Bladder Cancer – Causes, Symptoms, Diagnosis, And Treatment
What is bladder cancer?
Bladder cancer is a cancer that develops in the bladder. The bladder is an organ in the center of the lower abdomen that stores the urine until it is passed out of the body. Transitional cell carcinoma, also called urothelial carcinoma, is the most common type of bladder cancer. Squamous cell carcinoma and adenocarcinoma are the other types of bladder cancer.
What causes bladder cancer?
The exact cause of bladder cancer is not known to doctors. What is known is, one or more of the following factors may increase the risk of developing it:
- Exposure to chemicals at work
- Cyclophosphamide, a chemotherapy drug
- Radiation treatment for cervical cancer
- Chronic bladder infections
What are the symptoms of bladder cancer?
The following are the common symptoms of bladder cancer:
- Blood in the urine
- Painful urination
- Urinary frequency and urgency
- Abdominal pain
- Urinary incontinence
- Weight loss
- Bone pain or tenderness (only when cancer spreads to the bone)
How is bladder cancer diagnosed?
The doctor will perform a physical examination including a rectal and pelvic exam and review the symptoms.
The doctor may order some of the following tests:
- CT scan of the abdomen
- MRI scan of the abdomen
- Cystoscopy with biopsy
- Intravenous pyelogram – IVP
- CT scan of the pelvis
- Urine cytology
If the above tests confirm the presence of the bladder cancer, the doctor will do staging tests ( known as TNM staging system) to know the stage of cancer and to see if cancer has spread to other areas of the body.

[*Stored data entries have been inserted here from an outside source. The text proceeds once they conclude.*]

(* A bijection $\kappa:\mathcal G\to\mathcal G$ is an automorphism of the Grassmann graph $(\mathcal G,\sim)$ (i.e. $X\sim Y\iff X^\kappa\sim Y^\kappa$ for all $X,Y\in\mathcal G$) if and only if it is a collineation of the Grassmann space $(\mathcal G,\mathfrak P)$ (i.e. $\kappa$ and $\kappa^{-1}$ map pencils onto pencils).
   Context: $K$ is a (not necessarily commutative) field and $V$ is a left vector space over $K$ of arbitrary (possibly infinite) dimension with $\dim V>2$. $\mathcal G:=\{X\le V\mid X\cong V/X\}$, assumed nonempty. $X,Y\in\mathcal G$ are adjacent ($X\sim Y$) if $\dim((X+Y)/X)=\dim((X+Y)/Y)=1$. A pencil is a set $\mathcal G[M,N]:=\{X\in\mathcal G\mid M<X<N\}$, where $M,N\le V$ are subspaces such that there exists $X\in\mathcal G$ with $M\le X\le N$ and $\dim(X/M)=\dim(N/X)=1$; $\mathfrak P$ denotes the set of all pencils. *)

theory Defs
  imports Main
begin

text \<open>A left vector space over a (possibly non-commutative) field, i.e. a division ring 'k,
  with underlying additive group 'v (the whole type is V) and scalar multiplication sm.\<close>

definition left_vector_space :: "('k::division_ring \<Rightarrow> 'v::ab_group_add \<Rightarrow> 'v) \<Rightarrow> bool" where
  "left_vector_space sm \<longleftrightarrow>
     (\<forall>a x y. sm a (x + y) = sm a x + sm a y) \<and>
     (\<forall>a b x. sm (a + b) x = sm a x + sm b x) \<and>
     (\<forall>a b x. sm (a * b) x = sm a (sm b x)) \<and>
     (\<forall>x. sm 1 x = x)"

definition dim_gt_2 :: "('k::division_ring \<Rightarrow> 'v::ab_group_add \<Rightarrow> 'v) \<Rightarrow> bool" where
  "dim_gt_2 sm \<longleftrightarrow> (\<exists>u v w. \<forall>a b c. sm a u + sm b v + sm c w = 0 \<longrightarrow> a = 0 \<and> b = 0 \<and> c = 0)"

definition subspace :: "('k::division_ring \<Rightarrow> 'v::ab_group_add \<Rightarrow> 'v) \<Rightarrow> 'v set \<Rightarrow> bool" where
  "subspace sm X \<longleftrightarrow> 0 \<in> X \<and> (\<forall>x\<in>X. \<forall>y\<in>X. x + y \<in> X) \<and> (\<forall>a. \<forall>x\<in>X. sm a x \<in> X)"

definition coset :: "'v::ab_group_add \<Rightarrow> 'v set \<Rightarrow> 'v set" where
  "coset v X = {v + x | x. x \<in> X}"

text \<open>X is isomorphic (as a left K-vector space) to the quotient V/X: there is a bijection f from
  X onto the set of cosets of X which is linear w.r.t. the quotient operations
  (v+X) + (w+X) = (v+w)+X and a(v+X) = (av)+X.\<close>
definition iso_quot :: "('k::division_ring \<Rightarrow> 'v::ab_group_add \<Rightarrow> 'v) \<Rightarrow> 'v set \<Rightarrow> bool" where
  "iso_quot sm X \<longleftrightarrow> (\<exists>f. bij_betw f X {coset v X | v. True} \<and>
      (\<forall>x\<in>X. \<forall>y\<in>X. \<forall>u\<in>f x. \<forall>w\<in>f y. f (x + y) = coset (u + w) X) \<and>
      (\<forall>a. \<forall>x\<in>X. \<forall>u\<in>f x. f (sm a x) = coset (sm a u) X))"

definition quot_dim1 :: "('k::division_ring \<Rightarrow> 'v::ab_group_add \<Rightarrow> 'v) \<Rightarrow> 'v set \<Rightarrow> 'v set \<Rightarrow> bool" where
  "quot_dim1 sm A B \<longleftrightarrow> B \<subseteq> A \<and> (\<exists>v\<in>A. v \<notin> B \<and> A = {b + sm a v | b a. b \<in> B})"

definition sum_space :: "'v::ab_group_add set \<Rightarrow> 'v set \<Rightarrow> 'v set" where
  "sum_space X Y = {x + y | x y. x \<in> X \<and> y \<in> Y}"

definition Grass :: "('k::division_ring \<Rightarrow> 'v::ab_group_add \<Rightarrow> 'v) \<Rightarrow> 'v set set" where
  "Grass sm = {X. subspace sm X \<and> iso_quot sm X}"

definition adjacent :: "('k::division_ring \<Rightarrow> 'v::ab_group_add \<Rightarrow> 'v) \<Rightarrow> 'v set \<Rightarrow> 'v set \<Rightarrow> bool" where
  "adjacent sm X Y \<longleftrightarrow> quot_dim1 sm (sum_space X Y) X \<and> quot_dim1 sm (sum_space X Y) Y"

definition pencil_set :: "('k::division_ring \<Rightarrow> 'v::ab_group_add \<Rightarrow> 'v) \<Rightarrow> 'v set \<Rightarrow> 'v set \<Rightarrow> 'v set set" where
  "pencil_set sm M N = {X \<in> Grass sm. M \<subset> X \<and> X \<subset> N}"

definition pencils :: "('k::division_ring \<Rightarrow> 'v::ab_group_add \<Rightarrow> 'v) \<Rightarrow> 'v set set set" where
  "pencils sm = {pencil_set sm M N | M N. subspace sm M \<and> subspace sm N \<and>
      (\<exists>X\<in>Grass sm. M \<subseteq> X \<and> X \<subseteq> N \<and> quot_dim1 sm X M \<and> quot_dim1 sm N X)}"

end

theory Submission
  imports Defs
begin

text \<open>Adjacency determines the pencils: if \<open>X \<sim> Y\<close>, the pencil \<open>\<G>[X \<inter> Y, X + Y]\<close> is exactly
  the set of \<open>Z \<in> \<G>\<close> such that every \<open>W \<in> \<G>\<close> equal or adjacent to both \<open>X\<close> and \<open>Y\<close> is equal
  or adjacent to \<open>Z\<close>. So an automorphism of the Grassmann graph and its inverse map pencils to
  pencils. Conversely, two distinct members of \<open>\<G>\<close> are adjacent iff they lie in a common pencil,
  so a collineation preserves adjacency in both directions.

  The inclusion of that set in the pencil is the real work. A common neighbour \<open>Z\<close> of
  \<open>X\<close> and \<open>Y\<close> either contains \<open>X \<inter> Y\<close> or lies in \<open>X + Y\<close>; if only one of these held, we exhibit
  a common neighbour \<open>W \<in> \<G>\<close> of \<open>X, Y\<close> that is neither equal nor adjacent to \<open>Z\<close>. Such \<open>W\<close>
  are obtained from \<open>X\<close> by exchanging one vector, and they lie in \<open>\<G>\<close> because \<open>\<G>\<close> is invariant
  under linear automorphisms of \<open>V\<close>. That the needed vectors exist (\<open>X \<inter> Y \<noteq> 0\<close>,
  \<open>X + Y \<noteq> V\<close>) is where \<open>dim V > 2\<close> enters: no member of \<open>\<G>\<close> is a line or a hyperplane.\<close>

lemma exists_nontrivial_solution_1x2:
  fixes x y :: "'k::division_ring"
  shows "\<exists>\<alpha> \<beta>. (\<alpha> \<noteq> 0 \<or> \<beta> \<noteq> 0) \<and> \<alpha> * x + \<beta> * y = 0"
proof (cases "x = 0")
  case True
  then show ?thesis by (intro exI[of _ 1] exI[of _ 0]) simp
next
  case False
  then show ?thesis by (intro exI[of _ "- (y * inverse x)"] exI[of _ 1]) (simp add: mult.assoc)
qed

lemma exists_nontrivial_solution_2x3:
  fixes a1 a2 a3 b1 b2 b3 :: "'k::division_ring"
  shows "\<exists>\<alpha> \<beta> \<gamma>. (\<alpha> \<noteq> 0 \<or> \<beta> \<noteq> 0 \<or> \<gamma> \<noteq> 0) \<and>
    \<alpha> * a1 + \<beta> * a2 + \<gamma> * a3 = 0 \<and> \<alpha> * b1 + \<beta> * b2 + \<gamma> * b3 = 0"
proof (cases "a1 = 0")
  case False
  \<comment> \<open>eliminate \<open>\<alpha>\<close> using the first equation\<close>
  obtain \<beta> \<gamma> where \<beta>\<gamma>: "\<beta> \<noteq> 0 \<or> \<gamma> \<noteq> 0"
    "\<beta> * (b2 - a2 * inverse a1 * b1) + \<gamma> * (b3 - a3 * inverse a1 * b1) = 0"
    using exists_nontrivial_solution_1x2 by blast
  define \<alpha> where "\<alpha> = - (\<beta> * a2 + \<gamma> * a3) * inverse a1"
  have "\<alpha> * a1 = - (\<beta> * a2 + \<gamma> * a3)"
    unfolding \<alpha>_def using False by (simp add: mult.assoc)
  moreover have "\<alpha> * b1 + \<beta> * b2 + \<gamma> * b3 =
      \<beta> * (b2 - a2 * inverse a1 * b1) + \<gamma> * (b3 - a3 * inverse a1 * b1)"
    unfolding \<alpha>_def by (simp add: algebra_simps)
  ultimately show ?thesis
    using \<beta>\<gamma> by (intro exI[of _ \<alpha>] exI[of _ \<beta>] exI[of _ \<gamma>]) simp
next
  case a1: True
  show ?thesis
  proof (cases "b1 = 0")
    case True
    with a1 show ?thesis by (intro exI[of _ 1] exI[of _ 0] exI[of _ 0]) simp
  next
    case False
    obtain \<beta> \<gamma> where \<beta>\<gamma>: "\<beta> \<noteq> 0 \<or> \<gamma> \<noteq> 0" "\<beta> * a2 + \<gamma> * a3 = 0"
      using exists_nontrivial_solution_1x2 by blast
    define \<alpha> where "\<alpha> = - (\<beta> * b2 + \<gamma> * b3) * inverse b1"
    have "\<alpha> * b1 = - (\<beta> * b2 + \<gamma> * b3)"
      unfolding \<alpha>_def using False by (simp add: mult.assoc)
    then have "\<alpha> * b1 + \<beta> * b2 + \<gamma> * b3 = 0"
      by (simp add: add.assoc)
    with \<beta>\<gamma> a1 show ?thesis by (intro exI[of _ \<alpha>] exI[of _ \<beta>] exI[of _ \<gamma>]) simp
  qed
qed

TNM stands for tumor, nodes, and metastasis.
The following are the different stages of the bladder cancer:
- Ta: In this stage, the cancer is in the lining of the bladder and has not spread.
- T1: In this stage, cancer goes through the bladder lining, but does not reach the bladder muscle.
- T2: In this stage, cancer spreads to the bladder muscle.
- T3: In this stage, cancer spreads past the bladder into the fatty tissue surrounding it.
- T4: In this stage, cancer has spread to nearby structures such as the prostate gland, uterus, vagina, rectum, abdominal wall, or pelvic wall.
How is bladder cancer treated?
Treatment depends on the grade and stage of cancer, the severity of the symptoms, and the patient’s health condition. The following are the common treatment options:
Stage 0 and I
- Surgically removing the tumor without removing the rest of the bladder
- Chemotherapy or immunotherapy placed directly into the bladder
Stage II and III
- Surgically removing the entire bladder and nearby lymph nodes
- Surgically removing a part of the bladder and followed by radiation and chemotherapy
- Chemotherapy to shrink the tumor before surgery
- A combination of chemotherapy and radiation (if surgery is not possible)
Stage IV bladder cancer is not curable. Chemotherapy is given to most people with stage IV tumors to help alleviate the symptoms. Usually, surgery is not done.
Often, bladder cancers are also treated with immunotherapy. This mode of treatment involves administering a medicine that triggers the immune system to attack and kill the cancer cells. Mostly, BCG (Bacille Calmette-Guerin vaccine) is given.
This feature is for informational purposes only and is not intended to substitute the expert guidance of a doctor. We advise seeing a doctor if you have any health concerns.